--- Provided information ---

(* For all $i=1,\dots,r$, under the free field action of $\hat{\mathfrak g}$ on $M_N\otimes\hat\pi^{k-k_c}_N$ described in the context, \[h_{i,N}|0\rangle'=b_{i,N}|0\rangle',\] where $|0\rangle'=|0\rangle\otimes|0\rangle$ and $h_{i,N}=h_{\alpha_i}\otimes t^N$.
   Context: Let $\mathfrak g$ be a simple complex Lie algebra with triangular decomposition $\mathfrak g=\mathfrak u_-\oplus\mathfrak h\oplus\mathfrak u$, positive roots $\Delta_+$, simple roots $\alpha_1,\dots,\alpha_r$, $h_i=h_{\alpha_i}$ the coroots. Let $(x,y)=\frac{1}{2h^\vee}\mathrm{tr}(\mathrm{ad}_x\mathrm{ad}_y)$, $k_c=-h^\vee$, and $\hat{\mathfrak g}=\mathfrak g\otimes\mathbb C((t))\oplus\mathbb C\mathbf 1$ the affine Kac–Moody algebra with $[x_1\otimes g_1,x_2\otimes g_2]=[x_1,x_2]\otimes g_1g_2+(x_1,x_2)\mathrm{Res}_t(g_1dg_2)\mathbf 1$. Fix $N\ge1$. $\mathcal A$ is generated by $a_{\alpha,n},a^*_{\alpha,n}$ ($\alpha\in\Delta_+,n\in\mathbb Z$) with $[a_{\alpha,n},a^*_{\beta,m}]=\delta_{\alpha\beta}\delta_{n,-m}$, others zero; $M_N$ is the $\mathcal A$-module generated by $|0\rangle$ with $a_{\alpha,n}|0\rangle=0$ ($n\ge N$), $a^*_{\alpha,n}|0\rangle=0$ ($n\ge0$). $\hat{\mathfrak h}_\kappa$ has basis $b_{i,n}$, central $\mathbf 1$, $[b_{i,n},b_{j,m}]=-n\kappa(h_i,h_j)\delta_{n,-m}\mathbf 1$; $\hat\pi^\kappa_N$ is generated by $|0\rangle$ with $b_{i,n}|0\rangle=0$ ($n>N$), $\mathbf 1=1$. In the free field realization, the field $h_i(z)=\sum_n(h_i\otimes t^n)z^{-n-1}$ acts on $M_N\otimes\hat\pi^{k-k_c}_N$ by $-\sum_{\beta\in\Delta_+}\beta(h_i){:}a^*_\beta(z)a_\beta(z){:}+b_i(z)$, where $a_\beta(z)=\sum a_{\beta,n}z^{-n-1}$, $a^*_\beta(z)=\sum a^*_{\beta,n}z^{-n}$, $b_i(z)=\sum b_{i,n}z^{-n-1}$ and normal ordering moves $a_{\beta,n}$ ($n\ge0$) and $a^*_{\beta,m}$ ($m>0$) to the right. *)

theory Defs
  imports Main "HOL.Complex"
begin

text \<open>Sum over the (necessarily finite, in the Fock module) support of a
  family of vectors indexed by integers; used for mode coefficients of
  normally ordered products of fields.\<close>
definition fsum :: "(int \<Rightarrow> 'v::comm_monoid_add) \<Rightarrow> 'v" where
  "fsum f = (if finite {m. f m \<noteq> 0} then (\<Sum>m\<in>{m. f m \<noteq> 0}. f m) else 0)"

text \<open>Normally ordered product :a*_{beta,m} a_{beta,n}: : the operator
  a*_{beta,m} with m > 0 is moved to the right (a_{beta,n} with n >= 0 is already
  on the right in a*_{beta,m} a_{beta,n}).\<close>
definition nord ::
  "('r \<Rightarrow> int \<Rightarrow> 'v \<Rightarrow> 'v) \<Rightarrow> ('r \<Rightarrow> int \<Rightarrow> 'v \<Rightarrow> 'v) \<Rightarrow> 'r \<Rightarrow> int \<Rightarrow> int \<Rightarrow> 'v \<Rightarrow> 'v" where
  "nord a astar \<beta> m n v = (if 0 < m then a \<beta> n (astar \<beta> m v) else astar \<beta> m (a \<beta> n v))"

text \<open>Mode h_{i,n} = h_i \<otimes> t^n of the free field realization:
  h_i(z) = - sum_{beta in Delta_+} beta(h_i) :a*_beta(z) a_beta(z): + b_i(z),
  with a_beta(z) = sum a_{beta,n} z^{-n-1}, a*_beta(z) = sum a*_{beta,n} z^{-n},
  b_i(z) = sum b_{i,n} z^{-n-1}; the coefficient of z^{-n-1} is
  - sum_beta beta(h_i) sum_{m} :a*_{beta,m} a_{beta,n-m}: + b_{i,n}.
  Here wt beta i stands for beta(h_i) and sc is the complex scalar multiplication.\<close>
definition hmode ::
  "(complex \<Rightarrow> 'v::ab_group_add \<Rightarrow> 'v) \<Rightarrow> 'r set \<Rightarrow> ('r \<Rightarrow> 'i \<Rightarrow> complex) \<Rightarrow>
   ('r \<Rightarrow> int \<Rightarrow> 'v \<Rightarrow> 'v) \<Rightarrow> ('r \<Rightarrow> int \<Rightarrow> 'v \<Rightarrow> 'v) \<Rightarrow> ('i \<Rightarrow> int \<Rightarrow> 'v \<Rightarrow> 'v) \<Rightarrow>
   'i \<Rightarrow> int \<Rightarrow> 'v \<Rightarrow> 'v" where
  "hmode sc Pos wt a astar b i n v =
     b i n v - (\<Sum>\<beta>\<in>Pos. sc (wt \<beta> i) (fsum (\<lambda>m. nord a astar \<beta> m (n - m) v)))"

end

theory Submission
  imports Defs
begin

text \<open>In the mode h_{i,N} every normally ordered summand :a*_{beta,m} a_{beta,N-m}: has a
  rightmost factor that kills the vacuum: a*_{beta,m} if m > 0, and otherwise a_{beta,N-m}
  with N - m \<ge> N.\<close>

lemma nord_eq_0:
  assumes "Vector_Spaces.linear s s (a \<beta> n)" and "Vector_Spaces.linear s s (astar \<beta> m)"
    and "0 < m \<Longrightarrow> astar \<beta> m v = 0" and "m \<le> 0 \<Longrightarrow> a \<beta> n v = 0"
  shows "nord a astar \<beta> m n v = 0"
  using assms module_hom.zero[OF assms(1)[unfolded linear_iff_module_hom]]
    module_hom.zero[OF assms(2)[unfolded linear_iff_module_hom]]
  unfolding nord_def by auto

lemma fsum_zero [simp]: "fsum (\<lambda>_. 0) = 0"
  unfolding fsum_def by simp

lemma hmode_eq_b_mode:
  assumes "vector_space sc"
    and "\<And>\<beta> m. \<beta> \<in> Pos \<Longrightarrow> nord a astar \<beta> m (n - m) v = 0"
  shows "hmode sc Pos wt a astar b i n v = b i n v"
proof -
  have "sc (wt \<beta> i) (fsum (\<lambda>m. nord a astar \<beta> m (n - m) v)) = 0" if "\<beta> \<in> Pos" for \<beta>
    using assms(2)[OF that] module.scale_zero_right[OF assms(1)[folded module_iff_vector_space]] by simp
  then show ?thesis
    unfolding hmode_def by simp
qed

theorem mainTheorem9:
  fixes sc :: "complex \<Rightarrow> 'v::ab_group_add \<Rightarrow> 'v"
    and Pos :: "'r set" and simple :: "'i set"
    and wt :: "'r \<Rightarrow> 'i \<Rightarrow> complex"
    and kappa :: "'i \<Rightarrow> 'i \<Rightarrow> complex"
    and a astar :: "'r \<Rightarrow> int \<Rightarrow> 'v \<Rightarrow> 'v"
    and b :: "'i \<Rightarrow> int \<Rightarrow> 'v \<Rightarrow> 'v"
    and vac :: 'v and N :: int and i :: 'i
  assumes vs: "vector_space sc"
    and fin: "finite Pos" and finI: "finite simple"
    and N: "N \<ge> 1"
    and lin_a: "\<And>\<alpha> n. Vector_Spaces.linear sc sc (a \<alpha> n)"
    and lin_astar: "\<And>\<alpha> n. Vector_Spaces.linear sc sc (astar \<alpha> n)"
    and lin_b: "\<And>j n. Vector_Spaces.linear sc sc (b j n)"
    and comm_a_astar: "\<And>\<alpha> \<beta> n m v. \<alpha> \<in> Pos \<Longrightarrow> \<beta> \<in> Pos \<Longrightarrow>
        a \<alpha> n (astar \<beta> m v) - astar \<beta> m (a \<alpha> n v) = (if \<alpha> = \<beta> \<and> n = - m then v else 0)"
    and comm_a_a: "\<And>\<alpha> \<beta> n m v. \<alpha> \<in> Pos \<Longrightarrow> \<beta> \<in> Pos \<Longrightarrow>
        a \<alpha> n (a \<beta> m v) = a \<beta> m (a \<alpha> n v)"
    and comm_astar_astar: "\<And>\<alpha> \<beta> n m v. \<alpha> \<in> Pos \<Longrightarrow> \<beta> \<in> Pos \<Longrightarrow>
        astar \<alpha> n (astar \<beta> m v) = astar \<beta> m (astar \<alpha> n v)"
    and comm_b_b: "\<And>j l n m v. j \<in> simple \<Longrightarrow> l \<in> simple \<Longrightarrow>
        b j n (b l m v) - b l m (b j n v) = (if n = - m then sc (- of_int n * kappa j l) v else 0)"
    and comm_a_b: "\<And>\<alpha> j n m v. \<alpha> \<in> Pos \<Longrightarrow> j \<in> simple \<Longrightarrow> a \<alpha> n (b j m v) = b j m (a \<alpha> n v)"
    and comm_astar_b: "\<And>\<alpha> j n m v. \<alpha> \<in> Pos \<Longrightarrow> j \<in> simple \<Longrightarrow>
        astar \<alpha> n (b j m v) = b j m (astar \<alpha> n v)"
    and vac_a: "\<And>\<alpha> n. \<alpha> \<in> Pos \<Longrightarrow> n \<ge> N \<Longrightarrow> a \<alpha> n vac = 0"
    and vac_astar: "\<And>\<alpha> n. \<alpha> \<in> Pos \<Longrightarrow> n \<ge> 0 \<Longrightarrow> astar \<alpha> n vac = 0"
    and vac_b: "\<And>j n. j \<in> simple \<Longrightarrow> n > N \<Longrightarrow> b j n vac = 0"
    and i: "i \<in> simple"
  shows "hmode sc Pos wt a astar b i N vac = b i N vac"
proof (rule hmode_eq_b_mode[OF vs])
  fix \<beta> m
  assume "\<beta> \<in> Pos"
  then show "nord a astar \<beta> m (N - m) vac = 0"
    by (intro nord_eq_0[where s = sc] lin_a lin_astar) (auto intro: vac_a vac_astar)
qed

end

---

Transcribe the lines above between the line holding "theory Submission" and the line holding "b i n v = b", inclusive, exactly as they stand and with nothing added.

### [Exercise response]
theory Submission
  imports Defs
begin

text \<open>In the mode h_{i,N} every normally ordered summand :a*_{beta,m} a_{beta,N-m}: has a
  rightmost factor that kills the vacuum: a*_{beta,m} if m > 0, and otherwise a_{beta,N-m}
  with N - m \<ge> N.\<close>

lemma nord_eq_0:
  assumes "Vector_Spaces.linear s s (a \<beta> n)" and "Vector_Spaces.linear s s (astar \<beta> m)"
    and "0 < m \<Longrightarrow> astar \<beta> m v = 0" and "m \<le> 0 \<Longrightarrow> a \<beta> n v = 0"
  shows "nord a astar \<beta> m n v = 0"
  using assms module_hom.zero[OF assms(1)[unfolded linear_iff_module_hom]]
    module_hom.zero[OF assms(2)[unfolded linear_iff_module_hom]]
  unfolding nord_def by auto

lemma fsum_zero [simp]: "fsum (\<lambda>_. 0) = 0"
  unfolding fsum_def by simp

lemma hmode_eq_b_mode:
  assumes "vector_space sc"
    and "\<And>\<beta> m. \<beta> \<in> Pos \<Longrightarrow> nord a astar \<beta> m (n - m) v = 0"
  shows "hmode sc Pos wt a astar b i n v = b i n v"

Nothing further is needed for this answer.